§ Task prompt
In the entries below, find the line with "g q - h q) q" and the line with "using cross by". Reproduce those two lines and every line between them exactly, and nothing more.
--- Input records Enclosed Below ---
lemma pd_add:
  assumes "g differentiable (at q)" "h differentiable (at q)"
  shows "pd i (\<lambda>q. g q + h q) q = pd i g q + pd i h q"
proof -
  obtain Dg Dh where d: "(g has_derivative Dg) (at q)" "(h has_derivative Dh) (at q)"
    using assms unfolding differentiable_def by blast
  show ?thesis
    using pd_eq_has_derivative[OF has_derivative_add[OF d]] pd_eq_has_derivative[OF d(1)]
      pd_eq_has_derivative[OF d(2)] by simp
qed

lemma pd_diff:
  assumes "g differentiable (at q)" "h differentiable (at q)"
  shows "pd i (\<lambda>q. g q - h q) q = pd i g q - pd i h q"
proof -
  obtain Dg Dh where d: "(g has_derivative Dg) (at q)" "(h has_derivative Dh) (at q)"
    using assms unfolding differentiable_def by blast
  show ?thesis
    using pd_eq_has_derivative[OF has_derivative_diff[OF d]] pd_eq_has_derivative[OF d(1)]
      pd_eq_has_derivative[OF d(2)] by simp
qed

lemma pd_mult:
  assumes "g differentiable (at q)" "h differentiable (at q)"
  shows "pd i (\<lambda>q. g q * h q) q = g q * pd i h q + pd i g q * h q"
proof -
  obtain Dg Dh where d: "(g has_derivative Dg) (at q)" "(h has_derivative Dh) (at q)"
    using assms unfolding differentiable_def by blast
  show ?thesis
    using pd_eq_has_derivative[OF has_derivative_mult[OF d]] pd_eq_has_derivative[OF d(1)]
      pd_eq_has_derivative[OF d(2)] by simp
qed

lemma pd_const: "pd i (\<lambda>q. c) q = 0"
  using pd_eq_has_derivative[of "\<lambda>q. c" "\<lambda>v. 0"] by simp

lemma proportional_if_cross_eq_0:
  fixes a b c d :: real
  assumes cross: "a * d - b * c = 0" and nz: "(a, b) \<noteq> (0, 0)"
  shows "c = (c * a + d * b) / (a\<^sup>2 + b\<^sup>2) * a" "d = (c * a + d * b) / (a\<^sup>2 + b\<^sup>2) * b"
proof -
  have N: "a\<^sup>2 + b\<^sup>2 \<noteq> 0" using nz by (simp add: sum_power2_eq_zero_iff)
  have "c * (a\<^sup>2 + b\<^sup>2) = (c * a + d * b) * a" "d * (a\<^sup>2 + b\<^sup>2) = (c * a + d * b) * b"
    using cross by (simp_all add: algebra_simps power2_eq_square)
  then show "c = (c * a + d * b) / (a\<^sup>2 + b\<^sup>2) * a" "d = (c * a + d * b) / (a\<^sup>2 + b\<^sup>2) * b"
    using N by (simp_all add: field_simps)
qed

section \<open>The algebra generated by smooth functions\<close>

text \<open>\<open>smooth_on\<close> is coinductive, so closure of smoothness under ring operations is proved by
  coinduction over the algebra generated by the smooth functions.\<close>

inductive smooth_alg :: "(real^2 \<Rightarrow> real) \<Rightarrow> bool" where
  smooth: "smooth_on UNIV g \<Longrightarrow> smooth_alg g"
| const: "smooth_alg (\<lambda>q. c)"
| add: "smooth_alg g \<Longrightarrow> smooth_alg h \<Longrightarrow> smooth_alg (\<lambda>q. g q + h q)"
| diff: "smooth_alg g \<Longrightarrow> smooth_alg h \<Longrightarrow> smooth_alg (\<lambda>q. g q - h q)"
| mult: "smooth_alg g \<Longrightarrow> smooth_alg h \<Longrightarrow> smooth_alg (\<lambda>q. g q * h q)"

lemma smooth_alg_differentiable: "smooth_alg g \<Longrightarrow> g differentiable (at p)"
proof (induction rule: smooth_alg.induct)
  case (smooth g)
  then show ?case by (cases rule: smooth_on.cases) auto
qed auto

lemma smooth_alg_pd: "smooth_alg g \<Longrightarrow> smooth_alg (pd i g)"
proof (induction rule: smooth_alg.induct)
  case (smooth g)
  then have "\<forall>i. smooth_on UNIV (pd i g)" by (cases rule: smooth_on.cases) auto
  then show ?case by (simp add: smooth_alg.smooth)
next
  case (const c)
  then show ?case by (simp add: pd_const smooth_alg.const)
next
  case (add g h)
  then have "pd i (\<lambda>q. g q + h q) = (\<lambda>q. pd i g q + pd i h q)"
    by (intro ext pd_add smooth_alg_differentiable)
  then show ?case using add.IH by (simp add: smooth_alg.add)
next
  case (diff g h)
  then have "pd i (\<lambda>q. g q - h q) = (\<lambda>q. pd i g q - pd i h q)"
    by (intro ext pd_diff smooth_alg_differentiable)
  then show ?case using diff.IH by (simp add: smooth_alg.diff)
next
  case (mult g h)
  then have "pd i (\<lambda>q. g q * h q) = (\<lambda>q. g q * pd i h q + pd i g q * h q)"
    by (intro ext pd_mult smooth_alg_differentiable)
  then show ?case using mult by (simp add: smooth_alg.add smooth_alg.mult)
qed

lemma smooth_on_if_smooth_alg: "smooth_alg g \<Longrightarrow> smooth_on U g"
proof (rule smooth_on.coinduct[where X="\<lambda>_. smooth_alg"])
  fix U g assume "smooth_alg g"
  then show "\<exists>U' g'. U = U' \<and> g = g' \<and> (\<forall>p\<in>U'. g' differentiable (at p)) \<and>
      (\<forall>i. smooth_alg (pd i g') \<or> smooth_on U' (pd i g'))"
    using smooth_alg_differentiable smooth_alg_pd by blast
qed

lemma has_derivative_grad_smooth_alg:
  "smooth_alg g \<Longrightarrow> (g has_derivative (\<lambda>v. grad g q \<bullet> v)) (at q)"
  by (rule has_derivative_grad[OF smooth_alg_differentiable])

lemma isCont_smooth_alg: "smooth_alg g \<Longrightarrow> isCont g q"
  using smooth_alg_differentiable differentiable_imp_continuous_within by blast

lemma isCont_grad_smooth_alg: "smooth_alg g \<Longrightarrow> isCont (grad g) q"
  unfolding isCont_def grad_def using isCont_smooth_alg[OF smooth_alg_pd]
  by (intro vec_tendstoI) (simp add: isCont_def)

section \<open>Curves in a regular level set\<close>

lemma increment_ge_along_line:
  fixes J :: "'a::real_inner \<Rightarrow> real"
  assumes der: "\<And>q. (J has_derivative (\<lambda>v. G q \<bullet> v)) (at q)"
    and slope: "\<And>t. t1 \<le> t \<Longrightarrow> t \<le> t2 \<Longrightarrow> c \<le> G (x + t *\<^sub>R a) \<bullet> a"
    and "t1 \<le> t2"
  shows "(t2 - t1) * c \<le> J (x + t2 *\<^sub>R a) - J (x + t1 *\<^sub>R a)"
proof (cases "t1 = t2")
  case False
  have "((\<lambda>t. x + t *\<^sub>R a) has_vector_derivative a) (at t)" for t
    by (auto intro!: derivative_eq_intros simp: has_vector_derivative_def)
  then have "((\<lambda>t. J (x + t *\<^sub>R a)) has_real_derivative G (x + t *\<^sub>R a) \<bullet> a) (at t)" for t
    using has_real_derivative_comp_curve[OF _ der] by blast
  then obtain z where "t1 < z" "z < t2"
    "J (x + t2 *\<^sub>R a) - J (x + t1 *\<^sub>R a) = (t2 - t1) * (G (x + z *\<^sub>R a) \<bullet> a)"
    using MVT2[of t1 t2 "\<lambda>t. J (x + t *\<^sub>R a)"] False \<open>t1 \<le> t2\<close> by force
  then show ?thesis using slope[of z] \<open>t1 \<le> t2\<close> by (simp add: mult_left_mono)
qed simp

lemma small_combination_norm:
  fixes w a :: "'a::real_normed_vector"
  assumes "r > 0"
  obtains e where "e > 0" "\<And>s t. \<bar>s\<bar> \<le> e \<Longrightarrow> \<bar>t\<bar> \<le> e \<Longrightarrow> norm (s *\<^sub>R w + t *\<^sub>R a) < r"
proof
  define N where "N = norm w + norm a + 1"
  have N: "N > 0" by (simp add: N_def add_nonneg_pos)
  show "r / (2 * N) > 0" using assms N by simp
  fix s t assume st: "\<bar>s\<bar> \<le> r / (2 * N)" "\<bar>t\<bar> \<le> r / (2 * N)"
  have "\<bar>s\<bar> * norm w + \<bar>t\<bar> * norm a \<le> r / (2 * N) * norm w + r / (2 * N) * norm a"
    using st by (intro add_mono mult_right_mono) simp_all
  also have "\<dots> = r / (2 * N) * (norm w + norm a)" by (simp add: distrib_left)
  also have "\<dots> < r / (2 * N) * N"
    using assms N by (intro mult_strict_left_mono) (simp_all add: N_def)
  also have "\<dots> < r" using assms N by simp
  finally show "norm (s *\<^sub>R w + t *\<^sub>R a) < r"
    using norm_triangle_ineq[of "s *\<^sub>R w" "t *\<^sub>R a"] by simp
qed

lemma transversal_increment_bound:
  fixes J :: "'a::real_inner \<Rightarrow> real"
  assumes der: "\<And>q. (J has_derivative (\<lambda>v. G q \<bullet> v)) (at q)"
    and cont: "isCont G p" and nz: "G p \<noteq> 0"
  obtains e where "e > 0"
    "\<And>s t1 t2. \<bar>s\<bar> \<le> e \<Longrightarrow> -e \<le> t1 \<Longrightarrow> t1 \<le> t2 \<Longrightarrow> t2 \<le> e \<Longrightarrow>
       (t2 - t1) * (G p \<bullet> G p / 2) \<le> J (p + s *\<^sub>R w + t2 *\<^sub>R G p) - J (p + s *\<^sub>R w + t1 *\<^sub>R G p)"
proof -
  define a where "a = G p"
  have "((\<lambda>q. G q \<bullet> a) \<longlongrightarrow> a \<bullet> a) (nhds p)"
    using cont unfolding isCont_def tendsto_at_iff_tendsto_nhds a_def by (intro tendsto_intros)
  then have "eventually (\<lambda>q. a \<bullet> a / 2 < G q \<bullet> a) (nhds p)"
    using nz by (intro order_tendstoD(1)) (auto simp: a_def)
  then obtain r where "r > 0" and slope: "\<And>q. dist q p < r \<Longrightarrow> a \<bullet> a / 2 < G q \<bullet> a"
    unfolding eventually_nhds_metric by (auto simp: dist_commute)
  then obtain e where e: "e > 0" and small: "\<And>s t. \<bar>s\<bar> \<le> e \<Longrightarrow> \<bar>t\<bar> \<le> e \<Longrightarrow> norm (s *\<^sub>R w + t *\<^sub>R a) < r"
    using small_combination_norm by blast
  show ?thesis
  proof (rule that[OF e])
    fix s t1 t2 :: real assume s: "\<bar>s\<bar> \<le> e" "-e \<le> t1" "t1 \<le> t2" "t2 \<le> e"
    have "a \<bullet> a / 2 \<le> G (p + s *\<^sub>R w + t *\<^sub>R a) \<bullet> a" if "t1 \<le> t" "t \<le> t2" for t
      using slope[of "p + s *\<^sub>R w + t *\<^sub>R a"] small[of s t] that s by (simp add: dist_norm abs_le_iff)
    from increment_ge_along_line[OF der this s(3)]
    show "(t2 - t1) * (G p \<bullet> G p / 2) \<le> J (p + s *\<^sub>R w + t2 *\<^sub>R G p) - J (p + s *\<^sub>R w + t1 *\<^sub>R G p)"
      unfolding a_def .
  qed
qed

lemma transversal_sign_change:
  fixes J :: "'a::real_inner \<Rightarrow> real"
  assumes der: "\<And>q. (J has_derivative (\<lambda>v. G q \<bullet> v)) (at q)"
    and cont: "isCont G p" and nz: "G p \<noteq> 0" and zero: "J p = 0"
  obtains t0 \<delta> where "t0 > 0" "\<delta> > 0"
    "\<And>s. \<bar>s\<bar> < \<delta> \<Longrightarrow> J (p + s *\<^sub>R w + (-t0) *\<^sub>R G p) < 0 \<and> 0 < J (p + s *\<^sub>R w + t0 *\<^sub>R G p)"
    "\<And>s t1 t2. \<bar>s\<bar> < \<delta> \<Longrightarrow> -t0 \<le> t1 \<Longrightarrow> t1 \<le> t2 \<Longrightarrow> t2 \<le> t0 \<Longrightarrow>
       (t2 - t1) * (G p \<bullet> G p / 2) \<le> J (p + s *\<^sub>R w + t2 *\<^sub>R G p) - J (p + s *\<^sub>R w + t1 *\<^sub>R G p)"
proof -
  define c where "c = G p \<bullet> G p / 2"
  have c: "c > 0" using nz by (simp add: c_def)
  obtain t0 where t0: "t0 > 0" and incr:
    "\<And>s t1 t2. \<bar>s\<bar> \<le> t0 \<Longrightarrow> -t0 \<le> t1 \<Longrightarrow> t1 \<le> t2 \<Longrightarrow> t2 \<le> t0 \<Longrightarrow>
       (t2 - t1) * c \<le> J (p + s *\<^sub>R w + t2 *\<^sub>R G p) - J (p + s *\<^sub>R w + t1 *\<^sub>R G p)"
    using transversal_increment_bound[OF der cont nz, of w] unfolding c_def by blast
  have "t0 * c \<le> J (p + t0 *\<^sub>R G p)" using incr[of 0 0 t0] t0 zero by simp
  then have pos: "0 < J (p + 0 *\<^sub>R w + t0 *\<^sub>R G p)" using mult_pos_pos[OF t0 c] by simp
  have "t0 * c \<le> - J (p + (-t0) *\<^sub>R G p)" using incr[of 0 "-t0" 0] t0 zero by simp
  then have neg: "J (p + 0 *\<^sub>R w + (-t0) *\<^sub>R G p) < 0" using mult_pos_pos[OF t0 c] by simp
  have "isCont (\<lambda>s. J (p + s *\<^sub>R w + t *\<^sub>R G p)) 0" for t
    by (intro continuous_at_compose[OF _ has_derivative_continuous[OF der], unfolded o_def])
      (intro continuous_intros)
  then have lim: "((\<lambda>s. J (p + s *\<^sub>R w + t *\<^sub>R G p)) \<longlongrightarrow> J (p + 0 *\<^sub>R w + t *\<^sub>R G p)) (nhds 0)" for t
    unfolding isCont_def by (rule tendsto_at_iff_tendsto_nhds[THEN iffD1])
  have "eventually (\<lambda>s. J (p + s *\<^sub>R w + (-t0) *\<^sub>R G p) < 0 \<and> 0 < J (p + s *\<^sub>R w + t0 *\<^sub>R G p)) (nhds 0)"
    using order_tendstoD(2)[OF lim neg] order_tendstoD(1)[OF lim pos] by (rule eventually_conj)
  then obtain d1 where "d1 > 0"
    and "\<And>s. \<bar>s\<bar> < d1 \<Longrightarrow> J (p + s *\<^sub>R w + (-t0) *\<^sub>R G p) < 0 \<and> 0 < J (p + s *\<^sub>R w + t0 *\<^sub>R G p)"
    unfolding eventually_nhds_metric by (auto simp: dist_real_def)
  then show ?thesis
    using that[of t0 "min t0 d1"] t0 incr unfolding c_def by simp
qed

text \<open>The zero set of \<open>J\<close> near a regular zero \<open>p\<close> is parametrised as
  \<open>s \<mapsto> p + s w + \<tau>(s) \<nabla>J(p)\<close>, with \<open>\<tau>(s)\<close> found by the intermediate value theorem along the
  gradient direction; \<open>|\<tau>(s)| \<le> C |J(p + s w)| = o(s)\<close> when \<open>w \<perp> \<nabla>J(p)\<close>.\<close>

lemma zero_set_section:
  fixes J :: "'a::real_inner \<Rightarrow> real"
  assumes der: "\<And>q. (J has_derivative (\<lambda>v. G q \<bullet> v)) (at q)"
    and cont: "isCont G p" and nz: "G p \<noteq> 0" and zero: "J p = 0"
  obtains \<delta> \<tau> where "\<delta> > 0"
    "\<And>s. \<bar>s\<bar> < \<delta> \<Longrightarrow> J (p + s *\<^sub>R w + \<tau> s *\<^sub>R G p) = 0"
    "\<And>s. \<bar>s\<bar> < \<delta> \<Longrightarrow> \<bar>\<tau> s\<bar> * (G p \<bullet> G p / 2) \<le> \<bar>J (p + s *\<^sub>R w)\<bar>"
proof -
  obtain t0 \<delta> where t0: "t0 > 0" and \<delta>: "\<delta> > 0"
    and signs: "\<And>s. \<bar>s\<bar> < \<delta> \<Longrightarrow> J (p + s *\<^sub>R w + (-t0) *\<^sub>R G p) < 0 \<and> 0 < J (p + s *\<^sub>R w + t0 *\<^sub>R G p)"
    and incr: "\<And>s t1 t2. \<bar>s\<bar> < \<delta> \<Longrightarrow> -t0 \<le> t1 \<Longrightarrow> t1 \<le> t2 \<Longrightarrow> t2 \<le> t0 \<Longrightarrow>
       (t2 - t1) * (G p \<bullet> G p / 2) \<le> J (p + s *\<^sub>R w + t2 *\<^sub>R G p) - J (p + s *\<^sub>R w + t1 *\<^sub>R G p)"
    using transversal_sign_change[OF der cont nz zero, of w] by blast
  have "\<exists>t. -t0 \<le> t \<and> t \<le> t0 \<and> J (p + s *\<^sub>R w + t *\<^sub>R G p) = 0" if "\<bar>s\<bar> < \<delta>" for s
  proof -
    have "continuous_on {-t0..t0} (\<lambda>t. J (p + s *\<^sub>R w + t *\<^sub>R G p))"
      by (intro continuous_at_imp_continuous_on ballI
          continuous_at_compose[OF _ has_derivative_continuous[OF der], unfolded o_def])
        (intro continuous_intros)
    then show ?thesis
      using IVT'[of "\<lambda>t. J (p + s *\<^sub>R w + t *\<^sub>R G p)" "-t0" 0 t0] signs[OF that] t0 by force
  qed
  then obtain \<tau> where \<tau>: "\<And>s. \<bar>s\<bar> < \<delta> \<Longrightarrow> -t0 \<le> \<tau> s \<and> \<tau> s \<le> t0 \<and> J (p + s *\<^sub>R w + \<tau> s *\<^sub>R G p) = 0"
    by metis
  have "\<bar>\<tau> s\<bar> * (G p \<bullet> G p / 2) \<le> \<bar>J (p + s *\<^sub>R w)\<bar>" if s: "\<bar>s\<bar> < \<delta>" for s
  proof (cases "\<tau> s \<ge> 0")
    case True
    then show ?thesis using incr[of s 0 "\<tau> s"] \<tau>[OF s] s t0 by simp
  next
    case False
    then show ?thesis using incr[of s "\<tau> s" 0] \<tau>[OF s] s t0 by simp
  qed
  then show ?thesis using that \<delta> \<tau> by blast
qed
--- End of Enclosed Input records ---
§ Solution for this problem
  shows "pd i (\<lambda>q. g q - h q) q = pd i g q - pd i h q"
proof -
  obtain Dg Dh where d: "(g has_derivative Dg) (at q)" "(h has_derivative Dh) (at q)"
    using assms unfolding differentiable_def by blast
  show ?thesis
    using pd_eq_has_derivative[OF has_derivative_diff[OF d]] pd_eq_has_derivative[OF d(1)]
      pd_eq_has_derivative[OF d(2)] by simp
qed

lemma pd_mult:
  assumes "g differentiable (at q)" "h differentiable (at q)"
  shows "pd i (\<lambda>q. g q * h q) q = g q * pd i h q + pd i g q * h q"
proof -
  obtain Dg Dh where d: "(g has_derivative Dg) (at q)" "(h has_derivative Dh) (at q)"
    using assms unfolding differentiable_def by blast
  show ?thesis
    using pd_eq_has_derivative[OF has_derivative_mult[OF d]] pd_eq_has_derivative[OF d(1)]
      pd_eq_has_derivative[OF d(2)] by simp
qed

lemma pd_const: "pd i (\<lambda>q. c) q = 0"
  using pd_eq_has_derivative[of "\<lambda>q. c" "\<lambda>v. 0"] by simp

lemma proportional_if_cross_eq_0:
  fixes a b c d :: real
  assumes cross: "a * d - b * c = 0" and nz: "(a, b) \<noteq> (0, 0)"
  shows "c = (c * a + d * b) / (a\<^sup>2 + b\<^sup>2) * a" "d = (c * a + d * b) / (a\<^sup>2 + b\<^sup>2) * b"
proof -
  have N: "a\<^sup>2 + b\<^sup>2 \<noteq> 0" using nz by (simp add: sum_power2_eq_zero_iff)
  have "c * (a\<^sup>2 + b\<^sup>2) = (c * a + d * b) * a" "d * (a\<^sup>2 + b\<^sup>2) = (c * a + d * b) * b"
    using cross by (simp_all add: algebra_simps power2_eq_square)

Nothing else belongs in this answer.